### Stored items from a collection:
/---

(* Let $Z_1,\dots,Z_n$ be i.i.d. real random variables with probability density function $f_Z$ such that $f_Z(0)=0$ and, for some $\delta>0$, $f_Z$ is continuously differentiable on $[0,\delta]$. Let $\sigma^2:\mathbb{R}\to[0,\infty)$ be bounded and right-continuous at $z=0$. Let $K:\mathbb{R}\to[0,\infty)$ be bounded and supported on $[-C_K,C_K]$ for some $C_K>0$, with $\int K(z)1\{z\ge0\}dz=\int K(z)1\{z<0\}dz=1$ and with the matrices $\int K(z)1\{z\ge0\}r_1(z)r_1(z)'dz$ and $\int K(z)1\{z<0\}r_1(z)r_1(z)'dz$ nonsingular, where $r_1(z)=(1,z)'$. For $h>0$ define $$\Gamma_+(h)=\frac{1}{nh}\sum_{i=1}^n1\{Z_i\ge0\}K(Z_i/h)r_1(Z_i/h)r_1(Z_i/h)',\qquad \Psi_+(h)=\frac{1}{nh^2}\sum_{i=1}^n1\{Z_i\ge0\}K(Z_i/h)^2r_1(Z_i/h)r_1(Z_i/h)'\sigma^2(Z_i).$$ If $n\to\infty$, $h\to0$ and $nh^2\to\infty$, then $$h^{-1}\Gamma_+(h)=C_{\Gamma,+}+o_p(1)\quad\text{and}\quad\Psi_+(h)=C_{\Psi,+}+o_p(1),$$ where $C_{\Gamma,+}=f_Z'(0)\int_0^\infty zK(z)r_1(z)r_1(z)'dz$ and $C_{\Psi,+}=f_Z'(0)\sigma^2(0)\int_0^\infty zK(z)^2r_1(z)r_1(z)'dz$.
   Context: $f_Z'(0)$ denotes the (right) derivative of $f_Z$ at $0$. In the paper's application $Z_i$ is a signed distance running variable and $\sigma^2(z)=\mathrm{Var}(Y_i\mid Z_i=z)$. *)

theory Defs
  imports "HOL-Probability.Probability"
begin

definition r1 :: "real \<Rightarrow> real^2" where
  "r1 z = vector [1, z]"

definition outer :: "real^2 \<Rightarrow> real^2 \<Rightarrow> real^2^2" where
  "outer u v = (\<chi> i j. u $ i * v $ j)"

definition Gamma_plus ::
  "(nat \<Rightarrow> 'w \<Rightarrow> real) \<Rightarrow> (real \<Rightarrow> real) \<Rightarrow> nat \<Rightarrow> real \<Rightarrow> 'w \<Rightarrow> real^2^2" where
  "Gamma_plus Z K n h w = (1 / (real n * h)) *\<^sub>R (\<Sum>i<n. (indicator {0..} (Z i w) * K (Z i w / h)) *\<^sub>R outer (r1 (Z i w / h)) (r1 (Z i w / h)))"

definition Psi_plus ::
  "(nat \<Rightarrow> 'w \<Rightarrow> real) \<Rightarrow> (real \<Rightarrow> real) \<Rightarrow> (real \<Rightarrow> real) \<Rightarrow> nat \<Rightarrow> real \<Rightarrow> 'w \<Rightarrow> real^2^2" where
  "Psi_plus Z K s2 n h w = (1 / (real n * h^2)) *\<^sub>R (\<Sum>i<n. (indicator {0..} (Z i w) * (K (Z i w / h))^2 * s2 (Z i w)) *\<^sub>R outer (r1 (Z i w / h)) (r1 (Z i w / h)))"

(* X_n = c + o_p(1): convergence in probability to a constant *)
definition conv_in_prob :: "'w measure \<Rightarrow> (nat \<Rightarrow> 'w \<Rightarrow> 'b::real_normed_vector) \<Rightarrow> 'b \<Rightarrow> bool" where
  "conv_in_prob M X c \<longleftrightarrow> (\<forall>e>0. (\<lambda>n. measure M {w \<in> space M. norm (X n w - c) > e}) \<longlonglongrightarrow> 0)"

end

theory Submission
  imports Defs
begin

(* Every entry of h^-1 Gamma_+(h) and of Psi_+(h) is a sample mean (1/n) sum_i g_h(Z_i) with
   g_h(z) = 1{z >= 0} phi(z/h) tau(z) / h^2, where phi is K or K^2 times an entry of r_1 r_1'
   and tau is 1 or sigma^2.  Substituting z = h u gives
   E g_h(Z) = int_0^oo u phi(u) (f_Z(h u) / (h u)) tau(h u) du, and since f_Z(0) = 0 the quotient
   tends to f_Z'(0); dominated convergence yields the limit f_Z'(0) tau(0) int_0^oo u phi(u) du.
   The same computation for phi^2, tau^2 shows E g_h(Z)^2 = O(h^-2), so the sample mean has
   variance O(1 / (n h^2)) -> 0 and Chebyshev's inequality gives convergence in probability,
   entry by entry. *)

lemma borel_measurable_vec_nth [measurable (raw)]:
  fixes f :: "'a \<Rightarrow> 'b::topological_space ^ 'n"
  shows "f \<in> borel_measurable M \<Longrightarrow> (\<lambda>x. f x $ i) \<in> borel_measurable M"
  by (rule borel_measurable_continuous_on[OF continuous_on_component[OF continuous_on_id]])

lemma integrable_bounded_support:
  fixes F :: "real \<Rightarrow> 'a::{banach, second_countable_topology}"
  assumes [measurable]: "F \<in> borel_measurable borel"
    and bound: "\<And>u. norm (F u) \<le> c"
    and support: "\<And>u. u \<notin> {a..b} \<Longrightarrow> F u = 0"
  shows "integrable lborel F"
proof (rule Bochner_Integration.integrable_bound)
  have "emeasure lborel {a..b} < \<infinity>"
    by (cases "a \<le> b") auto
  then show "integrable lborel (\<lambda>u. c * indicator {a..b} u :: real)"
    by (intro integrable_mult_right integrable_real_indicator) auto
  show "AE u in lborel. norm (F u) \<le> norm (c * indicator {a..b} u :: real)"
    using bound support by (auto simp: indicator_def intro: order_trans[OF _ abs_ge_self])
qed simp

lemma tendsto_integral_rescaled:
  fixes \<psi> g :: "real \<Rightarrow> real" and h :: "nat \<Rightarrow> real"
  assumes [measurable]: "\<psi> \<in> borel_measurable borel" "g \<in> borel_measurable borel"
    and \<psi>_int: "integrable lborel \<psi>"
    and \<psi>_support: "\<And>u. u \<notin> {0<..C} \<Longrightarrow> \<psi> u = 0"
    and g_lim: "(g \<longlongrightarrow> L) (at_right 0)"
    and h_pos: "\<And>n. h n > 0" and h_lim: "h \<longlonglongrightarrow> 0"
  shows "(\<lambda>n. \<integral>u. \<psi> u * g (h n * u) \<partial>lborel) \<longlonglongrightarrow> L * integral\<^sup>L lborel \<psi>"
proof -
  have "\<forall>\<^sub>F x in at_right 0. \<bar>g x\<bar> < \<bar>L\<bar> + 1"
    using order_tendstoD(2)[OF tendsto_rabs[OF g_lim]] by simp
  then obtain \<eta> where \<eta>: "\<eta> > 0"
    and g_bound: "\<And>x. 0 < x \<Longrightarrow> x < \<eta> \<Longrightarrow> \<bar>g x\<bar> < \<bar>L\<bar> + 1"
    unfolding eventually_at_right[OF zero_less_one] by auto
  obtain N where N: "\<And>n. n \<ge> N \<Longrightarrow> h n * C < \<eta>"
  proof -
    have "\<forall>\<^sub>F n in sequentially. h n * C < \<eta>"
      using order_tendstoD(2)[OF tendsto_mult_left_zero[OF h_lim, of C] \<eta>] .
    then show ?thesis using that unfolding eventually_sequentially by blast
  qed
  have "(\<lambda>n. \<integral>u. \<psi> u * g (h (n + N) * u) \<partial>lborel) \<longlonglongrightarrow> (\<integral>u. \<psi> u * L \<partial>lborel)"
  proof (rule integral_dominated_convergence)
    show "integrable lborel (\<lambda>u. (\<bar>L\<bar> + 1) * \<bar>\<psi> u\<bar>)"
      using \<psi>_int by simp
    show "AE u in lborel. norm (\<psi> u * g (h (n + N) * u)) \<le> (\<bar>L\<bar> + 1) * \<bar>\<psi> u\<bar>" for n
    proof (intro AE_I2)
      fix u
      show "norm (\<psi> u * g (h (n + N) * u)) \<le> (\<bar>L\<bar> + 1) * \<bar>\<psi> u\<bar>"
      proof (cases "u \<in> {0<..C}")
        case True
        have "h (n + N) * u \<le> h (n + N) * C"
          using True h_pos[of "n + N"] by (intro mult_left_mono) auto
        with N[of "n + N"] have "h (n + N) * u < \<eta>"
          by simp
        with True h_pos[of "n + N"] have "\<bar>g (h (n + N) * u)\<bar> \<le> \<bar>L\<bar> + 1"
          by (intro less_imp_le g_bound) auto
        then show ?thesis
          by (simp add: abs_mult mult.commute mult_left_mono)
      qed (simp add: \<psi>_support)
    qed
    show "AE u in lborel. (\<lambda>n. \<psi> u * g (h (n + N) * u)) \<longlonglongrightarrow> \<psi> u * L"
    proof (intro AE_I2)
      fix u
      show "(\<lambda>n. \<psi> u * g (h (n + N) * u)) \<longlonglongrightarrow> \<psi> u * L"
      proof (cases "u > 0")
        case True
        have "filterlim (\<lambda>n. h n * u) (at_right 0) sequentially"
          using True h_pos
          by (intro tendsto_imp_filterlim_at_right tendsto_mult_left_zero h_lim) simp
        then have "(\<lambda>n. g (h n * u)) \<longlonglongrightarrow> L"
          by (rule filterlim_compose[OF g_lim])
        then show ?thesis
          by (intro tendsto_mult_left LIMSEQ_ignore_initial_segment)
      qed (simp add: \<psi>_support)
    qed
  qed simp_all
  then show ?thesis
    by (simp add: LIMSEQ_offset mult.commute)
qed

\---

### WHAT THE TASK ASKS:
Transcribe each line of the data above, unaltered, from the one where "The same computation" appears to the one where "then obtain \<eta>" appears, inclusive of both.

### RESPONSE TO THE EXERCISE:
   The same computation for phi^2, tau^2 shows E g_h(Z)^2 = O(h^-2), so the sample mean has
   variance O(1 / (n h^2)) -> 0 and Chebyshev's inequality gives convergence in probability,
   entry by entry. *)

lemma borel_measurable_vec_nth [measurable (raw)]:
  fixes f :: "'a \<Rightarrow> 'b::topological_space ^ 'n"
  shows "f \<in> borel_measurable M \<Longrightarrow> (\<lambda>x. f x $ i) \<in> borel_measurable M"
  by (rule borel_measurable_continuous_on[OF continuous_on_component[OF continuous_on_id]])

lemma integrable_bounded_support:
  fixes F :: "real \<Rightarrow> 'a::{banach, second_countable_topology}"
  assumes [measurable]: "F \<in> borel_measurable borel"
    and bound: "\<And>u. norm (F u) \<le> c"
    and support: "\<And>u. u \<notin> {a..b} \<Longrightarrow> F u = 0"
  shows "integrable lborel F"
proof (rule Bochner_Integration.integrable_bound)
  have "emeasure lborel {a..b} < \<infinity>"
    by (cases "a \<le> b") auto
  then show "integrable lborel (\<lambda>u. c * indicator {a..b} u :: real)"
    by (intro integrable_mult_right integrable_real_indicator) auto
  show "AE u in lborel. norm (F u) \<le> norm (c * indicator {a..b} u :: real)"
    using bound support by (auto simp: indicator_def intro: order_trans[OF _ abs_ge_self])
qed simp

lemma tendsto_integral_rescaled:
  fixes \<psi> g :: "real \<Rightarrow> real" and h :: "nat \<Rightarrow> real"
  assumes [measurable]: "\<psi> \<in> borel_measurable borel" "g \<in> borel_measurable borel"
    and \<psi>_int: "integrable lborel \<psi>"
    and \<psi>_support: "\<And>u. u \<notin> {0<..C} \<Longrightarrow> \<psi> u = 0"
    and g_lim: "(g \<longlongrightarrow> L) (at_right 0)"
    and h_pos: "\<And>n. h n > 0" and h_lim: "h \<longlonglongrightarrow> 0"
  shows "(\<lambda>n. \<integral>u. \<psi> u * g (h n * u) \<partial>lborel) \<longlonglongrightarrow> L * integral\<^sup>L lborel \<psi>"
proof -
  have "\<forall>\<^sub>F x in at_right 0. \<bar>g x\<bar> < \<bar>L\<bar> + 1"
    using order_tendstoD(2)[OF tendsto_rabs[OF g_lim]] by simp
  then obtain \<eta> where \<eta>: "\<eta> > 0"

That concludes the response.